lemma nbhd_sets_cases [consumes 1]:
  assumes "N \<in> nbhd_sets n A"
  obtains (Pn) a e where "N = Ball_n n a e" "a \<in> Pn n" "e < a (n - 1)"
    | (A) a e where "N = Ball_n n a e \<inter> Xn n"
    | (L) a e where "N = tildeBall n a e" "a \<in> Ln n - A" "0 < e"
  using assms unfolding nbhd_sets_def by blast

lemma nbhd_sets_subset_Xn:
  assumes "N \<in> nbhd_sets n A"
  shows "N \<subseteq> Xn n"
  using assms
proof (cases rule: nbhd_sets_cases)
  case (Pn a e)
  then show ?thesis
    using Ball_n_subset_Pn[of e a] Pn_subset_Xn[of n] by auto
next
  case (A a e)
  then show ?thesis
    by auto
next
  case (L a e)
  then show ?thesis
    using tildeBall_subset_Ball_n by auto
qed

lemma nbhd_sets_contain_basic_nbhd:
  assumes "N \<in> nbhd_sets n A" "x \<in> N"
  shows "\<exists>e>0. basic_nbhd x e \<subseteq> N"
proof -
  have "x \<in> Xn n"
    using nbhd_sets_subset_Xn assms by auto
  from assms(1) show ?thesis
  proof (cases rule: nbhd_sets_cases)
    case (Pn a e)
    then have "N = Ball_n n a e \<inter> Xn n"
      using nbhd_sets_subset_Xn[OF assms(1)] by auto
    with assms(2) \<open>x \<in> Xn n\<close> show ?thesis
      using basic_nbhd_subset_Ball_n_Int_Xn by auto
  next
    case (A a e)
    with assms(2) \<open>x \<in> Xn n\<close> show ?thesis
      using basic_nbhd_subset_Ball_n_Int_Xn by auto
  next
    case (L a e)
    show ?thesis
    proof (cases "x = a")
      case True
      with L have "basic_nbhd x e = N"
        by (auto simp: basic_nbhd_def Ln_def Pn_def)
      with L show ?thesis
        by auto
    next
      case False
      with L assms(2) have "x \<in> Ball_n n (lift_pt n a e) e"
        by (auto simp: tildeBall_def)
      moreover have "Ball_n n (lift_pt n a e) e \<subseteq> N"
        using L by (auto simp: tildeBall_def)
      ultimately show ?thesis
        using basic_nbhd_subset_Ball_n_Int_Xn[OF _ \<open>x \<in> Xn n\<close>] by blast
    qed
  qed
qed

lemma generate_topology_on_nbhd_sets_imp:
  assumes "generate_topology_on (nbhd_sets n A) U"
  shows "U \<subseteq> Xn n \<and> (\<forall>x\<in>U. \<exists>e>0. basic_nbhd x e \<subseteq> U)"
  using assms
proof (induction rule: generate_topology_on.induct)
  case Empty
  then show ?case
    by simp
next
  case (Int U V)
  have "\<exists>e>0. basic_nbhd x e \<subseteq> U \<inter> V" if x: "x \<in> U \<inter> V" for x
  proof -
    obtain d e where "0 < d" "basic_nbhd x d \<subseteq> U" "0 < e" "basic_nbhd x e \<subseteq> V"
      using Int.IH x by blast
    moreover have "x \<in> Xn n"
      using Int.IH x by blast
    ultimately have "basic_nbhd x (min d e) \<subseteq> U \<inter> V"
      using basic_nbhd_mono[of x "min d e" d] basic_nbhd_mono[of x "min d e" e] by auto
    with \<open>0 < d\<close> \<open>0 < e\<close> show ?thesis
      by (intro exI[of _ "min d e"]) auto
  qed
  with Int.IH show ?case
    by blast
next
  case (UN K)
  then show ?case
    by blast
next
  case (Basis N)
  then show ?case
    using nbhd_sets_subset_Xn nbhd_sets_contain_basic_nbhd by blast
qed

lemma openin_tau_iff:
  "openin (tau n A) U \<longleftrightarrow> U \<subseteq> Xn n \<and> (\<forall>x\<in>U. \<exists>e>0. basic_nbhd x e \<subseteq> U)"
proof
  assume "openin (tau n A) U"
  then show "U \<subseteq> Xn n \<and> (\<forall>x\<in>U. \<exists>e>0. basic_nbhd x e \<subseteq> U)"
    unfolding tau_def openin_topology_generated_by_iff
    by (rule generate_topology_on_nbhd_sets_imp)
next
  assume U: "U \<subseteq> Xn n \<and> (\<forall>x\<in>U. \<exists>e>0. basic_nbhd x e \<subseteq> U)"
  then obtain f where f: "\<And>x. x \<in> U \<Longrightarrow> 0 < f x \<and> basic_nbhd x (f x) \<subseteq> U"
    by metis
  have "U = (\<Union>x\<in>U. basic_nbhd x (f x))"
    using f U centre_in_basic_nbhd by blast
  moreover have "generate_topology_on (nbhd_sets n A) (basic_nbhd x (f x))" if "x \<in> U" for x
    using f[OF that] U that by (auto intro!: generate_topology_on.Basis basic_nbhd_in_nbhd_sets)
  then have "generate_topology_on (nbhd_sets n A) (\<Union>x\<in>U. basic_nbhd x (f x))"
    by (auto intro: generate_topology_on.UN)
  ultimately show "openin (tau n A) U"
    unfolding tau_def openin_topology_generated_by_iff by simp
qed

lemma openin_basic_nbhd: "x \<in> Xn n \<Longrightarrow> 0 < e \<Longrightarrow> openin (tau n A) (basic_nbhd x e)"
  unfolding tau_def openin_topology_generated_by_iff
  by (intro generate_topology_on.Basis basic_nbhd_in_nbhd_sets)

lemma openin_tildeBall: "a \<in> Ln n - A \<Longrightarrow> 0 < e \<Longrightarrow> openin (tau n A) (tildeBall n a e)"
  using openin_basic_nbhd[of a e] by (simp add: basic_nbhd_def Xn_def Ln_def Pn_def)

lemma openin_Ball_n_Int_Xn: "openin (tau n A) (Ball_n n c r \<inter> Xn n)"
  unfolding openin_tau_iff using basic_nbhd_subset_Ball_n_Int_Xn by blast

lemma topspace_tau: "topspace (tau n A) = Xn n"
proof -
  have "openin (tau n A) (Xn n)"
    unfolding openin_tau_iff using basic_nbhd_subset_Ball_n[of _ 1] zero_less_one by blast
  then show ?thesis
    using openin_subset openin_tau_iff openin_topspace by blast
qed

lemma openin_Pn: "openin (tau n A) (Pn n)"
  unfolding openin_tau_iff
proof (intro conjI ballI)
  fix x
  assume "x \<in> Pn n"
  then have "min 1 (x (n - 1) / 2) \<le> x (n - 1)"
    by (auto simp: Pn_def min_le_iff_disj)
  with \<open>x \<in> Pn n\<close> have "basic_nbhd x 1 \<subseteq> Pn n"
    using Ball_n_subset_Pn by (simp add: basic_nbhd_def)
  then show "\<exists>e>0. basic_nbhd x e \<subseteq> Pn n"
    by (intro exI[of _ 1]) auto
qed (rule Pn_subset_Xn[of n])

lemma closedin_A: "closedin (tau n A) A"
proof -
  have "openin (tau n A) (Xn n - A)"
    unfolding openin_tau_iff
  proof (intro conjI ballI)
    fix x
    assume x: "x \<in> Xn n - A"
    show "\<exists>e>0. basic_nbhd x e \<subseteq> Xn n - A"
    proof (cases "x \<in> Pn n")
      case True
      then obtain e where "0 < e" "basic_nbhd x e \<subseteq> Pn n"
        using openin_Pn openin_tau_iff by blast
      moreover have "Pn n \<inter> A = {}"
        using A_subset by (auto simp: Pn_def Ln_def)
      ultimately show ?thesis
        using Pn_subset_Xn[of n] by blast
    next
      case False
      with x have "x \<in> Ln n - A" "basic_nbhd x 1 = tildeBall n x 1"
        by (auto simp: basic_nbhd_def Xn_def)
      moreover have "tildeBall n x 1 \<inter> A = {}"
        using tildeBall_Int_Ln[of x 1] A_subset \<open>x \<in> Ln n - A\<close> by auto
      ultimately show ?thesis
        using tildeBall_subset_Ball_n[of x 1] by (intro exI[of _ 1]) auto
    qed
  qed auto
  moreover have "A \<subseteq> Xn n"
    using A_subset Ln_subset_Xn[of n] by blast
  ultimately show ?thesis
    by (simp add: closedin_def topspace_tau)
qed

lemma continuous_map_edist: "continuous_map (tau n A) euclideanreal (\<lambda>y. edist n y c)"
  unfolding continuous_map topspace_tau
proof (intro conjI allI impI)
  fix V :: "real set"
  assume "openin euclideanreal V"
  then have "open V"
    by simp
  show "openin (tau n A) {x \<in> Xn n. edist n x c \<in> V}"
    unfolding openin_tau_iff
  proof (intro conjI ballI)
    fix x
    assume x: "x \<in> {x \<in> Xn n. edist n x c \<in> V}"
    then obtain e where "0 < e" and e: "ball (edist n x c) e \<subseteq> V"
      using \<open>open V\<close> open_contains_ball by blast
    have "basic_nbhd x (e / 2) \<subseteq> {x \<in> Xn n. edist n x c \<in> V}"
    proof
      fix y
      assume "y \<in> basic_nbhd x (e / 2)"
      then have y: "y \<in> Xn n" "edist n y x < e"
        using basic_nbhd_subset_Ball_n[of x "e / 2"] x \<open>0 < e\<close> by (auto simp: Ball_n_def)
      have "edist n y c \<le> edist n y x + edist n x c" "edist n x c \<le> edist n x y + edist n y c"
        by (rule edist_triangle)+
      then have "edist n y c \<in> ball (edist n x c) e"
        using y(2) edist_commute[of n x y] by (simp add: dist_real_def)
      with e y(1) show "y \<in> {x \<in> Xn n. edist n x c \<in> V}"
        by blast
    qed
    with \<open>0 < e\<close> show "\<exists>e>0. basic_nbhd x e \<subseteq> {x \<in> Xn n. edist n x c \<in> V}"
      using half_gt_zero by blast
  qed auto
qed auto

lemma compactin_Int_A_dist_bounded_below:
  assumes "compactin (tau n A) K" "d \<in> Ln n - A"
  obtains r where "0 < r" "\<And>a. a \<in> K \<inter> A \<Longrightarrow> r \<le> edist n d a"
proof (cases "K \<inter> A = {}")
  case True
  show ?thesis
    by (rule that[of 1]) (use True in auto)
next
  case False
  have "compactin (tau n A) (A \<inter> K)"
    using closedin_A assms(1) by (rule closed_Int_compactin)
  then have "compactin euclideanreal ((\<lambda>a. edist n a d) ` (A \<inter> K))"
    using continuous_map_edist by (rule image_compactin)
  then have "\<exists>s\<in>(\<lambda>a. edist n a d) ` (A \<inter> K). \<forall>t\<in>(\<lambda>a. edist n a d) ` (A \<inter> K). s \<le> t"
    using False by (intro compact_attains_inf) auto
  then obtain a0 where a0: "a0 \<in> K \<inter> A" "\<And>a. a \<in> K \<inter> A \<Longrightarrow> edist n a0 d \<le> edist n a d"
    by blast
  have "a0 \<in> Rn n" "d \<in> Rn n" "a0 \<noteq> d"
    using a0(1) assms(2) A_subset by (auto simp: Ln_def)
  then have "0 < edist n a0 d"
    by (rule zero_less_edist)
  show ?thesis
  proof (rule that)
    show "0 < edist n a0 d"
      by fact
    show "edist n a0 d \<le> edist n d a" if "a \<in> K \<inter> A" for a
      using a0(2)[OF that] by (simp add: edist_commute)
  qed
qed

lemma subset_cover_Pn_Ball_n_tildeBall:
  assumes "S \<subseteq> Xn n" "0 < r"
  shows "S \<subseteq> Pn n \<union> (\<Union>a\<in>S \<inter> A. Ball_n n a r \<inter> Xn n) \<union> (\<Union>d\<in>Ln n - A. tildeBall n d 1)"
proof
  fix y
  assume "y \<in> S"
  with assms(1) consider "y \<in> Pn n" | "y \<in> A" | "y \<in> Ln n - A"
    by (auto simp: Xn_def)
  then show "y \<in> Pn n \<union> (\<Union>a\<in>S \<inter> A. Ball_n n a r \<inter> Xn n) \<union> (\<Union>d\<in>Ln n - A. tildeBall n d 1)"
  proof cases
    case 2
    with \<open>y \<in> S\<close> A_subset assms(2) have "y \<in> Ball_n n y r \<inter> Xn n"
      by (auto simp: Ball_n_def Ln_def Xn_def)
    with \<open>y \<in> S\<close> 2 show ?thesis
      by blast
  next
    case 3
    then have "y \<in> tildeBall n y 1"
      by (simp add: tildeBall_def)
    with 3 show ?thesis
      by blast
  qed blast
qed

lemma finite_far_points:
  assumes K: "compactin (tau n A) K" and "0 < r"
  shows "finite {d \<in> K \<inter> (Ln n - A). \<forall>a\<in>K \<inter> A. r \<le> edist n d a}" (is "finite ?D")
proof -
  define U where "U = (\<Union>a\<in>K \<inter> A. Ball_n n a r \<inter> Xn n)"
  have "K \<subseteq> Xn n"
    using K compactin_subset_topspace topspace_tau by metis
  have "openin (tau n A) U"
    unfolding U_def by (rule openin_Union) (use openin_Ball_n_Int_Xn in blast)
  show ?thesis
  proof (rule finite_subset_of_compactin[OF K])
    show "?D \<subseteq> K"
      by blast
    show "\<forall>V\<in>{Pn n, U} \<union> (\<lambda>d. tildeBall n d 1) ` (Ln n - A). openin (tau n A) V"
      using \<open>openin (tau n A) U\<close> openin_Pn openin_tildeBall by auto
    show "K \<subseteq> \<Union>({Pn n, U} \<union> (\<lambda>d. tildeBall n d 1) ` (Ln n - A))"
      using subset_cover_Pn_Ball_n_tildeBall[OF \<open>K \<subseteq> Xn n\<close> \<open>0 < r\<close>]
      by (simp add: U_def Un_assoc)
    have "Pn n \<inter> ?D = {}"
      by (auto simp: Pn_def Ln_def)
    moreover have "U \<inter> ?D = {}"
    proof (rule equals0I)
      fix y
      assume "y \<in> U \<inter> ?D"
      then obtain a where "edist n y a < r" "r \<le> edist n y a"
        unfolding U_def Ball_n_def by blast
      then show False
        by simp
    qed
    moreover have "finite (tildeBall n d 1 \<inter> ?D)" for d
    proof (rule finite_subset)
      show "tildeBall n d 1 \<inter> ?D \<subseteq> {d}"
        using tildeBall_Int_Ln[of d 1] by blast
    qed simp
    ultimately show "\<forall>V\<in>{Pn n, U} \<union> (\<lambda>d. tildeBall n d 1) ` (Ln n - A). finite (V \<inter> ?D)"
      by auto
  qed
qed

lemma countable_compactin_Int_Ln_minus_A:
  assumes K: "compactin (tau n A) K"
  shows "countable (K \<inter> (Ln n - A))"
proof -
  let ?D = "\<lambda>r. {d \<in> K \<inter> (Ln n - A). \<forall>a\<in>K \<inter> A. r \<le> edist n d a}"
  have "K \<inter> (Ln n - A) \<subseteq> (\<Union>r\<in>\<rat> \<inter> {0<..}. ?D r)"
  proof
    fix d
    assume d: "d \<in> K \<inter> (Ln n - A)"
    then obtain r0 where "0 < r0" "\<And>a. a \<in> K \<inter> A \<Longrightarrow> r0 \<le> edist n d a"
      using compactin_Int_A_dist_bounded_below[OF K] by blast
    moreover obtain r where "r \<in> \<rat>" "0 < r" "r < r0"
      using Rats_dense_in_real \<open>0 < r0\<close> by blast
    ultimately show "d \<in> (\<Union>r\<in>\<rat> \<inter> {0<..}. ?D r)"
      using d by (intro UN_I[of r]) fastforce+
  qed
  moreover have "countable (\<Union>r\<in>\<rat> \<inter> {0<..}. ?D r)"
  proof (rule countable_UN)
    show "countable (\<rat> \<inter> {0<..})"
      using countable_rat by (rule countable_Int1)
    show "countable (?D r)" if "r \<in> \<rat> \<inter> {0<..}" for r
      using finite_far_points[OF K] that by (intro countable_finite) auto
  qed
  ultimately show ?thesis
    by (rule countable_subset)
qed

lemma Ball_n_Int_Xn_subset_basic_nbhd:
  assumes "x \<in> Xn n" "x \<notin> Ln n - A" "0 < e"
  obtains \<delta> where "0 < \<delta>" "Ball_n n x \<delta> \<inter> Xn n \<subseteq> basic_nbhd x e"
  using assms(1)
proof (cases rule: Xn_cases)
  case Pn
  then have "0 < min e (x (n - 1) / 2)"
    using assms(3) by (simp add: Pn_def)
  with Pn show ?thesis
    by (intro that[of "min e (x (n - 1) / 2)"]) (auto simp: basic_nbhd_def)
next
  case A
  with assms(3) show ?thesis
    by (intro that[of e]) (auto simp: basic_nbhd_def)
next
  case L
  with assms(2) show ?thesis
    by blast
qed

Assignment - Count the lines in the entries where the string "that" appears, and report only the number.

Completed task - 7